● **Required action**:
Every line from the start of the records below to the line containing "using xk(2) sub(1)" should be retyped exactly, that line included, and no others.

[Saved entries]

lemma not_EM_le_separated_down:
  assumes K: "K \<in> Vc_carrier X le" and L: "L \<in> Vc_carrier X le"
    and not_sub: "\<not> down_closure X le K \<subseteq> down_closure X le L"
  obtains N1 N2 where "openin (Vc_topology X le) N1" "openin (Vc_topology X le) N2"
    "K \<in> N1" "L \<in> N2" "\<forall>K'\<in>N1. \<forall>L'\<in>N2. \<not> EM_le X le K' L'"
proof -
  have sub: "K \<subseteq> topspace X" "L \<subseteq> topspace X" and "closedin X L"
    using K L closedin_subset unfolding Vc_carrier_def by auto
  obtain x k where xk: "x \<in> topspace X" "k \<in> K" "le x k" "x \<notin> down_closure X le L"
    using not_sub unfolding down_closure_def by blast
  have "\<not> le c l" if "c \<in> {k}" "l \<in> L" for c l
  proof
    assume "le c l"
    then have "le x l"
      using trans_le[of x k l] xk sub that by blast
    then show False
      using xk that unfolding down_closure_def by blast
  qed
  moreover have "closedin X {k}"
    using xk(2) sub(1) by (blast intro: closedin_Hausdorff_singleton Hausdorff)
  ultimately obtain U V where UV: "openin X U" "openin X V" "is_upset X le U" "is_downset X le V"
      "{k} \<subseteq> U" "L \<subseteq> V" "disjnt U V"
    using open_upset_downset_separation \<open>closedin X L\<close> by metis
  have "openin (Vc_topology X le) (Vc_diamond X le U)" "openin (Vc_topology X le) (Vc_box X le V)"
    using UV(1-4) by (simp_all add: openin_Vc_diamond openin_Vc_box open_up_or_down_def)
  moreover have "K \<in> Vc_diamond X le U" "L \<in> Vc_box X le V"
    using K L xk(2) UV(5,6) unfolding Vc_diamond_def Vc_box_def by auto
  moreover have "\<not> EM_le X le K' L'"
    if K': "K' \<in> Vc_diamond X le U" and L': "L' \<in> Vc_box X le V" for K' L'
  proof
    assume "EM_le X le K' L'"
    obtain k' where "k' \<in> K'" "k' \<in> U"
      using K' unfolding Vc_diamond_def by blast
    then have "k' \<in> down_closure X le K'"
      using UV(3) refl_le unfolding is_upset_def down_closure_def by blast
    with \<open>EM_le X le K' L'\<close> have "k' \<in> down_closure X le L'"
      unfolding EM_le_def by blast
    moreover have "down_closure X le L' \<subseteq> V"
      using L' UV(4) unfolding Vc_box_def is_downset_def down_closure_def by blast
    ultimately show False
      using \<open>k' \<in> U\<close> UV(7) unfolding disjnt_def by blast
  qed
  ultimately show thesis
    using that by blast
qed
(* In the off-shell Yang–Mills setting described below, define for each index collection $I$ the Wick polynomial $S^I\equiv d_QT^I-i\,\partial_\mu T^{I\mu}$. Then $$S^{\emptyset}=i\,f_{abc}\Big(u_a\,v_b^{\mu}\,K_c v_{c\mu}+\tfrac12\,u_a\,u_b\,K_c\tilde u_c\Big),\qquad S^{\mu}=\tfrac{i}{2}\,f_{abc}\,u_a\,u_b\,K_c v_c^{\mu},\qquad S^I=0\ \text{ for } |I|>1.$$
   Context: Fields $v_a^\mu$ (Bose), $u_a,\tilde u_a$ (Fermi), $a=1,\dots,r$, are generalized free fields: they are defined exactly as the free massless Yang–Mills fields (two-point functions $\langle\Omega,v_a^\mu(x_1)v_b^\nu(x_2)\Omega\rangle=i\delta_{ab}\eta^{\mu\nu}D^{(+)}(x_1-x_2)$, $\langle\Omega,u_a(x_1)\tilde u_b(x_2)\Omega\rangle=-i\delta_{ab}D^{(+)}(x_1-x_2)$, $\langle\Omega,\tilde u_a(x_1)u_b(x_2)\Omega\rangle=i\delta_{ab}D^{(+)}(x_1-x_2)$, all higher truncated functions zero), except that the Pauli–Jordan distribution is replaced by an off-shell distribution $D^{\rm off}=\int d\lambda\,\rho(\lambda)D_\lambda$ (with $\rho$ tending to a delta function in the physical limit), so the fields no longer satisfy the Klein–Gordon equation. The gauge charge is kept: $[Q,v_a^\mu]=i\partial^\mu u_a$, $\{Q,u_a\}=0$, $\{Q,\tilde u_a\}=-i\partial_\mu v_a^\mu$, $Q\Omega=0$, and $d_Q$ is the graded commutator with $Q$. $K_c\equiv\square+m_c^2$ is the Klein–Gordon operator for the mass $m_c$ of the $c$-th field (here $m_c=0$). With $F_a^{\mu\nu}=\partial^\mu v_a^\nu-\partial^\nu v_a^\mu$ and real completely antisymmetric constants $f_{abc}$, set $T^{\emptyset}=f_{abc}\big(\tfrac12 v_{a\mu}v_{b\nu}F_c^{\nu\mu}+u_a v_b^\mu\partial_\mu\tilde u_c\big)$, $T^{\mu}=f_{abc}\big(u_a v_{b\nu}F_c^{\nu\mu}-\tfrac12 u_a u_b\partial^\mu\tilde u_c\big)$, $T^{\mu\nu}=\tfrac12 f_{abc}u_a u_b F_c^{\mu\nu}$, $T^I=0$ for $|I|\ge3$ (Wick products of the off-shell fields; $T^{I\mu}$ denotes $T^I$ with the index $\mu$ appended). *)

theory Defs
  imports Complex_Main
begin

text \<open>Lorentz indices are naturals 0..3; derivative multi-indices are maps nat => nat
  (alpha nu = number of derivatives with respect to x^nu).
  v a mu alpha stands for the Wick monomial (partial^alpha v_a^mu) (upper Lorentz index),
  u a alpha and ut a alpha for (partial^alpha u_a), (partial^alpha ut_a).
  D nu is the derivative with respect to x^nu (lower index), d is d_Q,
  p is the grading involution (parity automorphism), J is the imaginary unit i.\<close>

definition eta :: "nat \<Rightarrow> real" where
  "eta \<mu> = (if \<mu> = 0 then 1 else -1)"

definition shift :: "nat \<Rightarrow> (nat \<Rightarrow> nat) \<Rightarrow> (nat \<Rightarrow> nat)" where
  "shift \<nu> \<alpha> = \<alpha>(\<nu> := Suc (\<alpha> \<nu>))"

definition noder :: "nat \<Rightarrow> nat" where
  "noder = (\<lambda>_. 0)"
(* For every ordinal $\alpha\geq2$, the varieties $TA_\alpha$ and $SA_\alpha$ have the superamalgamation property: for all $\mathfrak A_0,\mathfrak A_1,\mathfrak A_2$ in the variety and monomorphisms $i_1:\mathfrak A_0\to\mathfrak A_1$, $i_2:\mathfrak A_0\to\mathfrak A_2$ there are $\mathfrak D$ in the variety and monomorphisms $m_1:\mathfrak A_1\to\mathfrak D$, $m_2:\mathfrak A_2\to\mathfrak D$ with $m_1\circ i_1=m_2\circ i_2$ such that, for $\{j,k\}=\{1,2\}$, $x\in A_j$, $y\in A_k$ with $m_j(x)\leq m_k(y)$, there is $z\in A_0$ with $x\leq i_j(z)$ and $i_k(z)\leq y$.
   Context: $TA_\alpha=\mathbf{Mod}(\Sigma_\alpha)$: Boolean algebras with operators $s_{ij}$ ($i\neq j<\alpha$) that are Boolean endomorphisms satisfying $t_1(x)=t_2(x)$ for all finite words $t_1,t_2$ in the $s_{ij}$ whose associated compositions of transpositions $[i,j]$ coincide. $SA_\alpha=\mathbf{Mod}(\Sigma'_\alpha)$: Boolean algebras with Boolean-endomorphism operators $s^i_j,s_{ij}$ ($i\neq j<\alpha$) satisfying $t_1(x)=t_2(x)$ whenever the associated maps $\alpha\to\alpha$ coincide, where $s_{ij}t\mapsto[i,j]\circ\hat t$, $s^i_jt\mapsto[i/j]\circ\hat t$, the empty word $\mapsto Id_\alpha$, and $[i/j]$ sends $i$ to $j$ and fixes the rest. *)

theory Defs
  imports Main
begin

text \<open>Operator labels: Swap i j stands for s_ij, Subst i j stands for s^i_j.\<close>
datatype 'i opl = Swap 'i 'i | Subst 'i 'i

record 'a bool_alg =
  carrier :: "'a set"
  join :: "'a \<Rightarrow> 'a \<Rightarrow> 'a"
  meet :: "'a \<Rightarrow> 'a \<Rightarrow> 'a"
  compl :: "'a \<Rightarrow> 'a"
  zero :: 'a
  one :: 'a

record ('a, 'i) sba = "'a bool_alg" +
  ops :: "'i opl \<Rightarrow> 'a \<Rightarrow> 'a"

definition is_BA :: "('a, 'b) bool_alg_scheme \<Rightarrow> bool" where
  "is_BA A \<longleftrightarrow>
     zero A \<in> carrier A \<and> one A \<in> carrier A \<and>
     (\<forall>x\<in>carrier A. \<forall>y\<in>carrier A. join A x y \<in> carrier A \<and> meet A x y \<in> carrier A) \<and>
     (\<forall>x\<in>carrier A. compl A x \<in> carrier A) \<and>
     (\<forall>x\<in>carrier A. \<forall>y\<in>carrier A. join A x y = join A y x \<and> meet A x y = meet A y x) \<and>
     (\<forall>x\<in>carrier A. \<forall>y\<in>carrier A. \<forall>z\<in>carrier A.
        join A x (join A y z) = join A (join A x y) z \<and>
        meet A x (meet A y z) = meet A (meet A x y) z \<and>
        meet A x (join A y z) = join A (meet A x y) (meet A x z) \<and>
        join A x (meet A y z) = meet A (join A x y) (join A x z)) \<and>
     (\<forall>x\<in>carrier A. \<forall>y\<in>carrier A. join A x (meet A x y) = x \<and> meet A x (join A x y) = x) \<and>
     (\<forall>x\<in>carrier A. join A x (zero A) = x \<and> meet A x (one A) = x) \<and>
     (\<forall>x\<in>carrier A. join A x (compl A x) = one A \<and> meet A x (compl A x) = zero A)"

definition ba_le :: "('a, 'b) bool_alg_scheme \<Rightarrow> 'a \<Rightarrow> 'a \<Rightarrow> bool" where
  "ba_le A x y \<longleftrightarrow> meet A x y = x"

definition transp_idx :: "'i \<Rightarrow> 'i \<Rightarrow> 'i \<Rightarrow> 'i" where
  "transp_idx i j k = (if k = i then j else if k = j then i else k)"

definition repl_idx :: "'i \<Rightarrow> 'i \<Rightarrow> 'i \<Rightarrow> 'i" where
  "repl_idx i j k = (if k = i then j else k)"

fun word_map :: "'i opl list \<Rightarrow> 'i \<Rightarrow> 'i" where
  "word_map [] = id"
| "word_map (Swap i j # t) = transp_idx i j \<circ> word_map t"
| "word_map (Subst i j # t) = repl_idx i j \<circ> word_map t"
(* Let $q(w)=w^4$, $\Psi[z:w:t]=[z:iw+t:it+w]$, and fix constants $0<\lambda<1$, $\tilde\lambda>1$ and integers $l,\tilde l\ge1$. For $(\alpha,\eta)\in\mathbb{C}^2$ let $G_{\alpha,\eta}(z,w):=(\lambda z+\alpha w+\eta q^l(z),q^l(w))$ and $F_\eta(z,w):=(\tilde\lambda z+\eta q^{\tilde l}(z),q^{\tilde l}(w))$, viewed as maps of $\mathbb{P}^2$ (holomorphic endomorphisms when $\eta\neq0$). There exist $\beta_1>0$, $\rho>0$ and $N\ge1$ such that for all $(\alpha,\eta)\in(\beta_1\mathbb{D}^* )^2$ the open set $U_\rho:=\{[z:w:t]\in\mathbb{P}^2:|z|<\rho\max(|w|,|t|)\}$ is a trapping region for $F_\eta\circ\Psi\circ G^N_{\alpha,\eta}$, i.e. $\overline{F_\eta\circ\Psi\circ G^N_{\alpha,\eta}(U_\rho)}\subset U_\rho$.
   Context: $\mathbb{D}^*$ is the punctured unit disc, $\beta_1\mathbb{D}^*=\{z:0<|z|<\beta_1\}$. In the paper $\lambda,\tilde\lambda,l,\tilde l$ are the specific constants produced by the preceding construction, but only the stated ranges are used. *)

theory Defs
  imports "HOL-Analysis.Analysis"
begin

text \<open>Points of the projective plane P^2 are represented by their homogeneous
coordinates, i.e. nonzero triples (z,w,t) in C^3; maps of P^2 by homogeneous
polynomial lifts C^3 -> C^3.\<close>

type_synonym hc = "complex \<times> complex \<times> complex"

definition q :: "complex \<Rightarrow> complex" where
  "q w = w ^ 4"
lemma is_eigenvalue_on_imp_eigenvalue:
  assumes f: "bij_betw f {0..<n} V" and ev: "is_eigenvalue_on V M mu"
  shows "eigenvalue (mat n n (\<lambda>(i, j). M (f i) (f j))) mu"
proof -
  define A :: "real mat" where "A = mat n n (\<lambda>(i, j). M (f i) (f j))"
  obtain x v0 where v0: "v0 \<in> V" "x v0 \<noteq> 0"
    and x: "\<forall>u\<in>V. (\<Sum>v\<in>V. M u v * x v) = mu * x u"
    using ev unfolding is_eigenvalue_on_def by blast
  define y where "y = vec n (\<lambda>i. x (f i))"
  obtain i0 where "i0 < n" "f i0 = v0"
    using f v0 unfolding bij_betw_def by (metis atLeastLessThan_iff imageE)
  then have "y \<noteq> 0\<^sub>v n" using v0 by (metis index_vec index_zero_vec(1) y_def)
  moreover have "A *\<^sub>v y = mu \<cdot>\<^sub>v y"
  proof (rule eq_vecI)
    fix i assume "i < dim_vec (mu \<cdot>\<^sub>v y)"
    then have i: "i < n" by (simp add: y_def)
    then have "f i \<in> V" using f unfolding bij_betw_def by auto
    have "(A *\<^sub>v y) $ i = (\<Sum>j\<in>{0..<n}. M (f i) (f j) * x (f j))"
      using i by (simp add: A_def y_def scalar_prod_def)
    also have "\<dots> = (\<Sum>v\<in>V. M (f i) v * x v)"
      using sum.reindex_bij_betw[OF f] .
    also have "\<dots> = mu * x (f i)" using x \<open>f i \<in> V\<close> by blast
    finally show "(A *\<^sub>v y) $ i = (mu \<cdot>\<^sub>v y) $ i" using i by (simp add: y_def)
  qed (simp add: A_def y_def)
  ultimately have "eigenvector A y mu" unfolding eigenvector_def by (simp add: A_def y_def)
  then show ?thesis unfolding eigenvalue_def A_def by blast
qed
lemma rank_one_shifted_mat_prod_coeff_pos:
  fixes H :: "real mat"
  assumes H: "H \<in> carrier_mat n n" and y: "y \<in> carrier_vec n" "y \<noteq> 0\<^sub>v n" "H *\<^sub>v y = e \<cdot>\<^sub>v y"
    and P: "shifted_mat_prod n H ms = c \<cdot>\<^sub>m outer_mat y" and below: "\<And>\<mu>. \<mu> \<in> set ms \<Longrightarrow> \<mu> < e"
  shows "c > 0"
proof -
  define d where "d = (\<Prod>\<mu>\<leftarrow>ms. e - \<mu>)"
  have "d \<ge> 0" unfolding d_def using below by (intro prod_list_nonneg) (auto simp: less_imp_le)
  moreover have "d \<noteq> 0" unfolding d_def using below by (force simp: prod_list_zero_iff)
  moreover have "d \<cdot>\<^sub>v y = (c * (y \<bullet> y)) \<cdot>\<^sub>v y"
    using shifted_mat_prod_mult_eigenvector[OF H y(1) y(3), of ms] outer_mat_mult_vec[OF y(1) y(1)] P
    by (simp add: d_def)
  then have "d = c * (y \<bullet> y)" by (rule smult_vec_right_cancel[OF y(1,2)])
  moreover have "y \<bullet> y > 0" using conjugate_square_greater_0_vec[OF y(1)] y(2) by simp
  ultimately show "c > 0" by (auto simp: zero_le_mult_iff)
qed
theorem lemma4p1:
  fixes k :: nat and q C D :: "nat \<Rightarrow> int"
  assumes "k \<ge> 2"
    and "\<And>i. i \<in> {1..k} \<Longrightarrow> q i > 0"
    and "\<And>i. i \<in> {1..k} \<Longrightarrow> D i - C i \<ge> Max (q ` {1..k})"
  defines "r \<equiv> Gcd (q ` {1..k})"
    and "A \<equiv> {(\<Sum>i=1..k. a i * q i) | a :: nat \<Rightarrow> int. \<forall>i\<in>{1..k}. C i \<le> a i \<and> a i \<le> D i}"
    and "CC \<equiv> (\<Sum>i=1..k. C i * q i)"
    and "DD \<equiv> (\<Sum>i=1..k. D i * q i)"
    and "S \<equiv> (\<Sum>i=1..k-1. q i * q (i+1))"
  shows "(A \<subseteq> {m * r | m :: int. real_of_int CC / real_of_int r \<le> real_of_int m
                                   \<and> real_of_int m \<le> real_of_int DD / real_of_int r}) \<and>
         ({m * r | m :: int. real_of_int CC / real_of_int r + real_of_int S / (real_of_int r)^2 \<le> real_of_int m
                          \<and> real_of_int m \<le> real_of_int DD / real_of_int r - real_of_int S / (real_of_int r)^2} \<subseteq> A)"
    (is "A \<subseteq> ?outer \<and> ?inner \<subseteq> A")
proof -
  have "1 \<le> k" using assms(1) by simp
  have r_eq: "r = prefix_gcd q k" unfolding r_def prefix_gcd_def ..
  have r_pos: "r > 0" using prefix_gcd_pos[of q k] assms(2) \<open>1 \<le> k\<close> unfolding r_eq by simp
  have "A \<subseteq> ?outer"
  proof
    fix x assume "x \<in> A"
    then obtain a where a: "\<forall>i\<in>{1..k}. C i \<le> a i \<and> a i \<le> D i" "x = (\<Sum>i=1..k. a i * q i)"
      unfolding A_def by blast
    have x: "r dvd x" "CC \<le> x" "x \<le> DD"
      using box_sum_in_gcd_interval[OF assms(2) a(1)] unfolding a(2) CC_def DD_def r_eq by simp_all
    then obtain m where "x = m * r" by (metis dvd_def mult.commute)
    with x have "x = m * r" "real_of_int CC / real_of_int r \<le> real_of_int m"
      "real_of_int m \<le> real_of_int DD / real_of_int r"
      using of_int_divide_le_iff(1,2)[OF r_pos] by simp_all
    then show "x \<in> ?outer" by blast
  qed
  moreover have "?inner \<subseteq> A"
  proof
    fix x assume "x \<in> ?inner"
    then obtain m where "x = m * r"
      "real_of_int CC / real_of_int r + real_of_int S / (real_of_int r)^2 \<le> real_of_int m"
      "real_of_int m \<le> real_of_int DD / real_of_int r - real_of_int S / (real_of_int r)^2"
      by blast
    then have x: "x = m * r" "CC * r + S \<le> m * r * r" "m * r * r + S \<le> DD * r"
      using of_int_divide_le_iff(3,4)[OF r_pos] by simp_all
    have "margin q k * r \<le> S"
      using margin_mult_prefix_gcd_le[OF assms(2) \<open>1 \<le> k\<close> order_refl] unfolding r_eq S_def .
    then have "(CC + margin q k) * r \<le> x * r" "(x + margin q k) * r \<le> DD * r"
      using x by (simp_all add: algebra_simps)
    then have "CC + margin q k \<le> x" "x \<le> DD - margin q k" using r_pos by simp_all
    moreover have "prefix_gcd q k dvd x" using x(1) unfolding r_eq by simp
    ultimately obtain a where "\<forall>i\<in>{1..k}. C i \<le> a i \<and> a i \<le> D i" "x = (\<Sum>i=1..k. a i * q i)"
      using box_sum_exists[where C = C and D = D, OF \<open>1 \<le> k\<close> assms(2,3)] unfolding CC_def DD_def by blast
    then show "x \<in> A" unfolding A_def by blast
  qed
  ultimately show ?thesis by blast
qed

end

● **Output**:
lemma not_EM_le_separated_down:
  assumes K: "K \<in> Vc_carrier X le" and L: "L \<in> Vc_carrier X le"
    and not_sub: "\<not> down_closure X le K \<subseteq> down_closure X le L"
  obtains N1 N2 where "openin (Vc_topology X le) N1" "openin (Vc_topology X le) N2"
    "K \<in> N1" "L \<in> N2" "\<forall>K'\<in>N1. \<forall>L'\<in>N2. \<not> EM_le X le K' L'"
proof -
  have sub: "K \<subseteq> topspace X" "L \<subseteq> topspace X" and "closedin X L"
    using K L closedin_subset unfolding Vc_carrier_def by auto
  obtain x k where xk: "x \<in> topspace X" "k \<in> K" "le x k" "x \<notin> down_closure X le L"
    using not_sub unfolding down_closure_def by blast
  have "\<not> le c l" if "c \<in> {k}" "l \<in> L" for c l
  proof
    assume "le c l"
    then have "le x l"
      using trans_le[of x k l] xk sub that by blast
    then show False
      using xk that unfolding down_closure_def by blast
  qed
  moreover have "closedin X {k}"
    using xk(2) sub(1) by (blast intro: closedin_Hausdorff_singleton Hausdorff)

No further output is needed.